Data shown =>
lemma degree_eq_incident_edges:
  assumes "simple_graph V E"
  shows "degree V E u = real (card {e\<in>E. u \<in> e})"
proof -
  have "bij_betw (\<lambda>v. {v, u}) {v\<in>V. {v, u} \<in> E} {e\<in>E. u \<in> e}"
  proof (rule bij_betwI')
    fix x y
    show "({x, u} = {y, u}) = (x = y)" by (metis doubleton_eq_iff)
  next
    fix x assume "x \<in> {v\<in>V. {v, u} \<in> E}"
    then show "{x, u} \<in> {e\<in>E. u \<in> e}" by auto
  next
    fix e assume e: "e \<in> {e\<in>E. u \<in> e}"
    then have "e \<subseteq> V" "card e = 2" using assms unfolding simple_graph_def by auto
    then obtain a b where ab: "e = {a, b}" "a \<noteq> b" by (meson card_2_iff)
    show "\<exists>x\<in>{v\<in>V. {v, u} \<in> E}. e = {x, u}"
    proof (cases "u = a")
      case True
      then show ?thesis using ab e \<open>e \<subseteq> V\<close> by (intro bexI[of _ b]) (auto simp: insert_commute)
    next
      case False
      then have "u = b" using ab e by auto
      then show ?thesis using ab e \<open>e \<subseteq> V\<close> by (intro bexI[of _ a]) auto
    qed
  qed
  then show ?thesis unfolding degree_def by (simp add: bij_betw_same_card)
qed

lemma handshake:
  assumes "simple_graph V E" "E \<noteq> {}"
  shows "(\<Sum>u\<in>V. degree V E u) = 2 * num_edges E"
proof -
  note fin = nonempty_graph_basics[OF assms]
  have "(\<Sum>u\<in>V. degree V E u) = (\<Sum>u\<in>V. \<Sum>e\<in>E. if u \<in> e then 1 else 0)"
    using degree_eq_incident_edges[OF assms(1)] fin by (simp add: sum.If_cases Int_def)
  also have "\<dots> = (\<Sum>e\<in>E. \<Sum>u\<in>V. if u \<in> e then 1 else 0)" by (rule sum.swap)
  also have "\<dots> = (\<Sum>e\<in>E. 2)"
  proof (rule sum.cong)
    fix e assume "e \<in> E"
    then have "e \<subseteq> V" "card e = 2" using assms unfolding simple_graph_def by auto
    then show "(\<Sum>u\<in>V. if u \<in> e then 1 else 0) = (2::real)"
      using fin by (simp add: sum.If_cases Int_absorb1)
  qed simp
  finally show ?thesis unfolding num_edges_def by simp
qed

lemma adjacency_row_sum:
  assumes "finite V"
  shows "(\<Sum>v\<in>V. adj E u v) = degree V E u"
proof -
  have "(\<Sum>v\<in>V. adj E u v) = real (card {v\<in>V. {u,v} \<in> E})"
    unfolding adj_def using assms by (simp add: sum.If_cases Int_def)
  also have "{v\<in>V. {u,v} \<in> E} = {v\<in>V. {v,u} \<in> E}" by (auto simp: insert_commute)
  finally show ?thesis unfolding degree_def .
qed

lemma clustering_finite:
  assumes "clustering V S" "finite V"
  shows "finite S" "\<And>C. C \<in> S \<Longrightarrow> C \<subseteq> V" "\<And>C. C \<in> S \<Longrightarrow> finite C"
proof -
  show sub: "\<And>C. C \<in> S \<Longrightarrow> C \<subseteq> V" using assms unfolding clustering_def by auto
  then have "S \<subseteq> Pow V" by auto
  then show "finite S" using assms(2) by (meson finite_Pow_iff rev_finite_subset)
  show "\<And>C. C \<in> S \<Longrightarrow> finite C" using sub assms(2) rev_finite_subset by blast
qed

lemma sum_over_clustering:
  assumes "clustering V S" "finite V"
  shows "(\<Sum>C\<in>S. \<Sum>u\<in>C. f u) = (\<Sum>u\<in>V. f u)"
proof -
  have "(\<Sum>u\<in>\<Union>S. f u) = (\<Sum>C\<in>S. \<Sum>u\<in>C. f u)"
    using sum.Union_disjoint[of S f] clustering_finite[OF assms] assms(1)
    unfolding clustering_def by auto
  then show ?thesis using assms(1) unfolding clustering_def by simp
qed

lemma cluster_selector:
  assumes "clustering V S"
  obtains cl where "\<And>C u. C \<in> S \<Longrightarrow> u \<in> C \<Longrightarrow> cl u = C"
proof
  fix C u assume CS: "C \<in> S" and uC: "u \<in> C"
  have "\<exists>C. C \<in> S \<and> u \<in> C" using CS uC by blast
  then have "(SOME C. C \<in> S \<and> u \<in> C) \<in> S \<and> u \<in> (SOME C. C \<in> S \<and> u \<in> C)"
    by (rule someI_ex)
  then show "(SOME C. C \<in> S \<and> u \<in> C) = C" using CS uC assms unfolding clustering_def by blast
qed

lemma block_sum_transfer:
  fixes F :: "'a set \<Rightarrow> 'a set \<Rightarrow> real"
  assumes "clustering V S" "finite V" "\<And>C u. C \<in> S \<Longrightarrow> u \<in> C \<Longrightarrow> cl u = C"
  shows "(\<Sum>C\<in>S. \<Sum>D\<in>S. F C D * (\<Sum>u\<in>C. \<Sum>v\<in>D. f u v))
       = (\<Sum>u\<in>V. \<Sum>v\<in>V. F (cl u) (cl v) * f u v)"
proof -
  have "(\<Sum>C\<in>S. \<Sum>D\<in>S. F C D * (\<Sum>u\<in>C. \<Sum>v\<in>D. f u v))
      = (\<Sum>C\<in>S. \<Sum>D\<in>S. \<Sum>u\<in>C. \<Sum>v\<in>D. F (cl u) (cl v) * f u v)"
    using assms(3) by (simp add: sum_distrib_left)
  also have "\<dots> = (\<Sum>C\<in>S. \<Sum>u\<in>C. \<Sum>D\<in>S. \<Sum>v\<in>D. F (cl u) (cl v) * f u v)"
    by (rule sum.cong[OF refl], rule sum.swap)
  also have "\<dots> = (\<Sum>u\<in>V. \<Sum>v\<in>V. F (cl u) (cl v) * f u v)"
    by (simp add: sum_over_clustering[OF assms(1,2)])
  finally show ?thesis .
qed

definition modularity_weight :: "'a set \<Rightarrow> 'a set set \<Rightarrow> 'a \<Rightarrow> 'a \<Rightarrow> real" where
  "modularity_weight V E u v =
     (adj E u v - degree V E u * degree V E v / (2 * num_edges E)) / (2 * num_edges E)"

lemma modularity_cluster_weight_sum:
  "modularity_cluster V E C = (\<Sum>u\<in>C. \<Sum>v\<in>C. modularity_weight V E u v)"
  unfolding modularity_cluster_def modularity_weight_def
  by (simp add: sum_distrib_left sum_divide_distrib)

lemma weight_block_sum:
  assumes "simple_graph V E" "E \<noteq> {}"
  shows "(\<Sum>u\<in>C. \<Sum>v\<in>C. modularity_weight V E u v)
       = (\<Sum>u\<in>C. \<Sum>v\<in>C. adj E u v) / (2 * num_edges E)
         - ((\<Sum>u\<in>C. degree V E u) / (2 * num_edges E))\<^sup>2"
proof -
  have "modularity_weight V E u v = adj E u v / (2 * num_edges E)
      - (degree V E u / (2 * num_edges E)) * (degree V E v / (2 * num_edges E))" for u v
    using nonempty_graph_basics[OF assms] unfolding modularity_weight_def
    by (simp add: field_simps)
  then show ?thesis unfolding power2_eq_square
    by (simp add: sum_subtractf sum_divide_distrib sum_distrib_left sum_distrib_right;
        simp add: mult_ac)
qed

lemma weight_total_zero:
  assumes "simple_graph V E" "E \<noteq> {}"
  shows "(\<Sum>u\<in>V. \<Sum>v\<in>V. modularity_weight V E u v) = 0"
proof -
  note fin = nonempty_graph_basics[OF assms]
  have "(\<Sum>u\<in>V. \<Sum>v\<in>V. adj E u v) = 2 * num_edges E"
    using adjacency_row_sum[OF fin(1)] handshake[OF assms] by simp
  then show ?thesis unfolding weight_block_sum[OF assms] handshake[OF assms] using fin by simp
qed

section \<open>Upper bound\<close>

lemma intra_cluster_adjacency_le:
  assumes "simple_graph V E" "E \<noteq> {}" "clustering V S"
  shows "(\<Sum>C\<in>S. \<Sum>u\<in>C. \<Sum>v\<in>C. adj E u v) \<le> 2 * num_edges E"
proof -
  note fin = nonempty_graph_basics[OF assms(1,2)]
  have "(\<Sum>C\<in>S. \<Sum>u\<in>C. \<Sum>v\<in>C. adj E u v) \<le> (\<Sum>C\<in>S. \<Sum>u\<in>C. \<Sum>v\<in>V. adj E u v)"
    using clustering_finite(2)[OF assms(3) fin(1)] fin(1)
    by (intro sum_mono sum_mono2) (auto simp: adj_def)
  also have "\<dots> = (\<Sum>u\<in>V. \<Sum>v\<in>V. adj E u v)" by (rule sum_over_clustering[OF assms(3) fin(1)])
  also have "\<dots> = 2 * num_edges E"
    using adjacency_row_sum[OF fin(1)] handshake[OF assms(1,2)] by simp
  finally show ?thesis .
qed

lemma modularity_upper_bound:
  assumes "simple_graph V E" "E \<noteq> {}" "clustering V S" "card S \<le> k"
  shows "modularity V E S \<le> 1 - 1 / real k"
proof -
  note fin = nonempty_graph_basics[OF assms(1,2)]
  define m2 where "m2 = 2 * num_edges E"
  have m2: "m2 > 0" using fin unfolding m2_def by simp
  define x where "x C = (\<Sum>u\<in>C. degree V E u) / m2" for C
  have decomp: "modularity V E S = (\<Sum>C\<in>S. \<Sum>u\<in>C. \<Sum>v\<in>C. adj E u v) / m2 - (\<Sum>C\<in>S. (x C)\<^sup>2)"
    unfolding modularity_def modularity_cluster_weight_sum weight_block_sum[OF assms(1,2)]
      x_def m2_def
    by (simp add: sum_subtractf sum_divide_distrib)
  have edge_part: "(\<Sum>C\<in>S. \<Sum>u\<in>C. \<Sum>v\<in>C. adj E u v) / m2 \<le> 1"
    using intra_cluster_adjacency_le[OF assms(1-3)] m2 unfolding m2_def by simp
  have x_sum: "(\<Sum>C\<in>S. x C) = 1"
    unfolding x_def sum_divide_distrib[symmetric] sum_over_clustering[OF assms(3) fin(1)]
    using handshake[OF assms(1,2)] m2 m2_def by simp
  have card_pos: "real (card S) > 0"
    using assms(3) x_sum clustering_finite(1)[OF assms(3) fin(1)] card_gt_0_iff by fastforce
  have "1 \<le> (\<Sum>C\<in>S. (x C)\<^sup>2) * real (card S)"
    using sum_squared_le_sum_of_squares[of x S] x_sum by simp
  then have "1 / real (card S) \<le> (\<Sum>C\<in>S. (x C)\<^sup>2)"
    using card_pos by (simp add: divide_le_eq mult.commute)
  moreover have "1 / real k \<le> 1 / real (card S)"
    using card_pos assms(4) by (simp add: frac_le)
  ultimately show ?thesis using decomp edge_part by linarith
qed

---

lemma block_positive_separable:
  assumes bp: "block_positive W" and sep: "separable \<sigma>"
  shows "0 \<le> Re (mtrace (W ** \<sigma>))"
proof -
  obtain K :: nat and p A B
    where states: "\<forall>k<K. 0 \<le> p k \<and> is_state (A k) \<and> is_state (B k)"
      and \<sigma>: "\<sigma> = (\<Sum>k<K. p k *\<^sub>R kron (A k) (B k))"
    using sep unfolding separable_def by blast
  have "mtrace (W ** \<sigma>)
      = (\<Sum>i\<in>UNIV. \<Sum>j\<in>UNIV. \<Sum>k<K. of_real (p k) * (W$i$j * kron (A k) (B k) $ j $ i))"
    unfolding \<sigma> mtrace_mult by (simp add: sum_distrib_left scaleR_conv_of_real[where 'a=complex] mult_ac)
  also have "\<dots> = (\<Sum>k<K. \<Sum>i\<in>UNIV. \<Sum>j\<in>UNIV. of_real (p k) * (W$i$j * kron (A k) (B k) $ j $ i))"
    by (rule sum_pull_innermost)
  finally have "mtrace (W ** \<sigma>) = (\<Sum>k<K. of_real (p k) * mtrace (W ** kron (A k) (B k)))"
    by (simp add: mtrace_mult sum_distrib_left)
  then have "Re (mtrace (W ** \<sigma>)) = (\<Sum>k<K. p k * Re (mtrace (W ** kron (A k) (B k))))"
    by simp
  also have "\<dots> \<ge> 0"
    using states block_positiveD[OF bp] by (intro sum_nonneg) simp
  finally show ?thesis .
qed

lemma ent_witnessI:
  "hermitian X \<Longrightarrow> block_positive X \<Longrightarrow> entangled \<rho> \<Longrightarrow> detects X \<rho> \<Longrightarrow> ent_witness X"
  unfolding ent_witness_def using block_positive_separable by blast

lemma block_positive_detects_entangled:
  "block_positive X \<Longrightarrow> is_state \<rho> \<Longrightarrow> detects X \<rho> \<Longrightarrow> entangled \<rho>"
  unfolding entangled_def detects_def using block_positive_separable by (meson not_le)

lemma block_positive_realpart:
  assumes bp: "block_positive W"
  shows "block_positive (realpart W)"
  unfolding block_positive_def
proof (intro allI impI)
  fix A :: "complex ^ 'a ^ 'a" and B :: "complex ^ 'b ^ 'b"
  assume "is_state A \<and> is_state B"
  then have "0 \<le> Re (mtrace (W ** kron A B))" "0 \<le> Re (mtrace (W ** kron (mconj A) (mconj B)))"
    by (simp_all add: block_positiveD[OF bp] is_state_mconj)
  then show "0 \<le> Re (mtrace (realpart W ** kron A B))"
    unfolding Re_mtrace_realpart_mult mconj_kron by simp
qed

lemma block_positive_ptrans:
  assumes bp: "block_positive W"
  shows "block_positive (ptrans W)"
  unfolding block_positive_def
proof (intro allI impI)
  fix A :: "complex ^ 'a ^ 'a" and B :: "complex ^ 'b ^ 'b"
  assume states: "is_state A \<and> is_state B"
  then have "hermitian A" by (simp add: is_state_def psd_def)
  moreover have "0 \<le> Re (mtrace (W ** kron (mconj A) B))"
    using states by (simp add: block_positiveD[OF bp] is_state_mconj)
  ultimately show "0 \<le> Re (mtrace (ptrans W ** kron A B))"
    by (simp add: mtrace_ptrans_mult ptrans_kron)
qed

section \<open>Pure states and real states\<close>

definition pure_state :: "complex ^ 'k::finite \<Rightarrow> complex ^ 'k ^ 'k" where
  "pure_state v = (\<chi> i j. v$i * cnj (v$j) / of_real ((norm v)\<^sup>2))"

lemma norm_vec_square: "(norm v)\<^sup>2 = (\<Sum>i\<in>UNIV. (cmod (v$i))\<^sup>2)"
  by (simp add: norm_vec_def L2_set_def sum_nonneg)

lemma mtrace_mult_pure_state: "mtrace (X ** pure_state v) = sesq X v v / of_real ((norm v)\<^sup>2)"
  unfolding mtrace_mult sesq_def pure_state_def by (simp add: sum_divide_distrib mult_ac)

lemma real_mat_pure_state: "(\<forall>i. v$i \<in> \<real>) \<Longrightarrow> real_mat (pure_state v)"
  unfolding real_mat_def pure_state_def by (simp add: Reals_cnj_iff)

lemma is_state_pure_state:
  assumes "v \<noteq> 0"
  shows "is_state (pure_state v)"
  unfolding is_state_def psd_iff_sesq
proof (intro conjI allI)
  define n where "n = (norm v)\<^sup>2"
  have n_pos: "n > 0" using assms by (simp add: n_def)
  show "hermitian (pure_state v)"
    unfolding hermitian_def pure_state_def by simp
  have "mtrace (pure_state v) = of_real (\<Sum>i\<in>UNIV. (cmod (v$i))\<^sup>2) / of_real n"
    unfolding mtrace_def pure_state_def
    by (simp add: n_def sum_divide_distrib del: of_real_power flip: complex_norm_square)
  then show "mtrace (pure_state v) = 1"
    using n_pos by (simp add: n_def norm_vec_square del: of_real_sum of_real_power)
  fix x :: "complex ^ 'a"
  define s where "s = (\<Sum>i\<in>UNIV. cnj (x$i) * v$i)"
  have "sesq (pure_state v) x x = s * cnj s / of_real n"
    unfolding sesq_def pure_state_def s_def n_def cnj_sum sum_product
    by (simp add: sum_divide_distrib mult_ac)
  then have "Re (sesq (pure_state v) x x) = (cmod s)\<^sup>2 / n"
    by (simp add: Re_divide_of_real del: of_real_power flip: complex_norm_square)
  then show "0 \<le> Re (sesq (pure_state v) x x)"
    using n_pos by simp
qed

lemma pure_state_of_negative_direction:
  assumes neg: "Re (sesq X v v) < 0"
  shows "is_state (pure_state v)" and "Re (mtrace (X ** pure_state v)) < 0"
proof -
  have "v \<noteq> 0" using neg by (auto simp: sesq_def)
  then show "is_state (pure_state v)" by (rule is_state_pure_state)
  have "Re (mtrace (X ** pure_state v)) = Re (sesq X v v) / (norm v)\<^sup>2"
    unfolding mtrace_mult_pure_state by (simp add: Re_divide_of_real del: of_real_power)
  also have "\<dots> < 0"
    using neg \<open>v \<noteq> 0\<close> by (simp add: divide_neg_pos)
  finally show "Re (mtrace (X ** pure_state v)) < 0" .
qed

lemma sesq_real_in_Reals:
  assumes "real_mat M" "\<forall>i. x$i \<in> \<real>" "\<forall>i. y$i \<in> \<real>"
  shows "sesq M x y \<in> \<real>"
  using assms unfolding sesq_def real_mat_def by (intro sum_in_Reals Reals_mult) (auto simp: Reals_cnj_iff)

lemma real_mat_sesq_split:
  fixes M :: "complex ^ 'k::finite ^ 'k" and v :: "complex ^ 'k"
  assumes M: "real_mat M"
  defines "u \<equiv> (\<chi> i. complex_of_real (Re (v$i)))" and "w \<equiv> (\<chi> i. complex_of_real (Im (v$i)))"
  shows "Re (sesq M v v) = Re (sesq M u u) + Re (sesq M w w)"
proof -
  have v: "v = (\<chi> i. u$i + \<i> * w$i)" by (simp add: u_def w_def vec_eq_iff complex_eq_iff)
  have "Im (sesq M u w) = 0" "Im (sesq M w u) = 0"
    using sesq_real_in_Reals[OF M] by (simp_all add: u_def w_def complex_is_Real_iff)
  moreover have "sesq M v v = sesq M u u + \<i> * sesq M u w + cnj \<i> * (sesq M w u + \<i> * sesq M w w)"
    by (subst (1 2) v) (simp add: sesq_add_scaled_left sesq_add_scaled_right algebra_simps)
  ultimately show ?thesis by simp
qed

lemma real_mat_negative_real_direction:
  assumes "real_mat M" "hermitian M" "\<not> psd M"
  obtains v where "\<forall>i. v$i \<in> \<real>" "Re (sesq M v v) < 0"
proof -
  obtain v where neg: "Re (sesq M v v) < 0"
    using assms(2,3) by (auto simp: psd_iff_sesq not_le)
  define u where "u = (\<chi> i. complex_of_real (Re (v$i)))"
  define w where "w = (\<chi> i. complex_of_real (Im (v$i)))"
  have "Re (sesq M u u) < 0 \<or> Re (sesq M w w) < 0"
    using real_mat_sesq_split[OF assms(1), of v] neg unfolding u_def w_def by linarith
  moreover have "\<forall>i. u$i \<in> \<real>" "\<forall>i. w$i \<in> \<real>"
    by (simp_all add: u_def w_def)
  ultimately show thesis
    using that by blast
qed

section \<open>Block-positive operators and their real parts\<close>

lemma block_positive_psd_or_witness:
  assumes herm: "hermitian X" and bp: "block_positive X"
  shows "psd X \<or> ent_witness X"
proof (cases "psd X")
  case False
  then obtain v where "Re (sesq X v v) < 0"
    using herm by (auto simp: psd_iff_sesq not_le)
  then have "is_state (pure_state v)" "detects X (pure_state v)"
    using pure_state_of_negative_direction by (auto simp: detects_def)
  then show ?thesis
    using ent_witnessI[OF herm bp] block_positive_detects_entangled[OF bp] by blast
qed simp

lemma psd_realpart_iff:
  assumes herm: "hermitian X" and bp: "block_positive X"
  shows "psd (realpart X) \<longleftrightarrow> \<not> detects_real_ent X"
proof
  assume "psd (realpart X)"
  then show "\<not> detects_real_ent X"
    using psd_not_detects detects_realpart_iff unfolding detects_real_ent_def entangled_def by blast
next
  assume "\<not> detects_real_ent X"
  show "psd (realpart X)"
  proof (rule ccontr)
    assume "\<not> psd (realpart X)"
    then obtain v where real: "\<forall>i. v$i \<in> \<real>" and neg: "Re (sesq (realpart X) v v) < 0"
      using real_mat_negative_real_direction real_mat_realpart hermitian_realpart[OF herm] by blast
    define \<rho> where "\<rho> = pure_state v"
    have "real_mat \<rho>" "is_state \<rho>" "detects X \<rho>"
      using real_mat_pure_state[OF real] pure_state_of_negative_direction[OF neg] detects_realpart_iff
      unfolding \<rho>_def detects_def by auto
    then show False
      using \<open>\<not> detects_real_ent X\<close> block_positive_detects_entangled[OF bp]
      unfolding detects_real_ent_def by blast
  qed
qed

Problem to solve => From the data, list each line in which the string "subseteq" appears.

Answer below =>
    then have "e \<subseteq> V" "card e = 2" using assms unfolding simple_graph_def by auto
      then show ?thesis using ab e \<open>e \<subseteq> V\<close> by (intro bexI[of _ b]) (auto simp: insert_commute)
      then show ?thesis using ab e \<open>e \<subseteq> V\<close> by (intro bexI[of _ a]) auto
    then have "e \<subseteq> V" "card e = 2" using assms unfolding simple_graph_def by auto
  shows "finite S" "\<And>C. C \<in> S \<Longrightarrow> C \<subseteq> V" "\<And>C. C \<in> S \<Longrightarrow> finite C"
  show sub: "\<And>C. C \<in> S \<Longrightarrow> C \<subseteq> V" using assms unfolding clustering_def by auto
  then have "S \<subseteq> Pow V" by auto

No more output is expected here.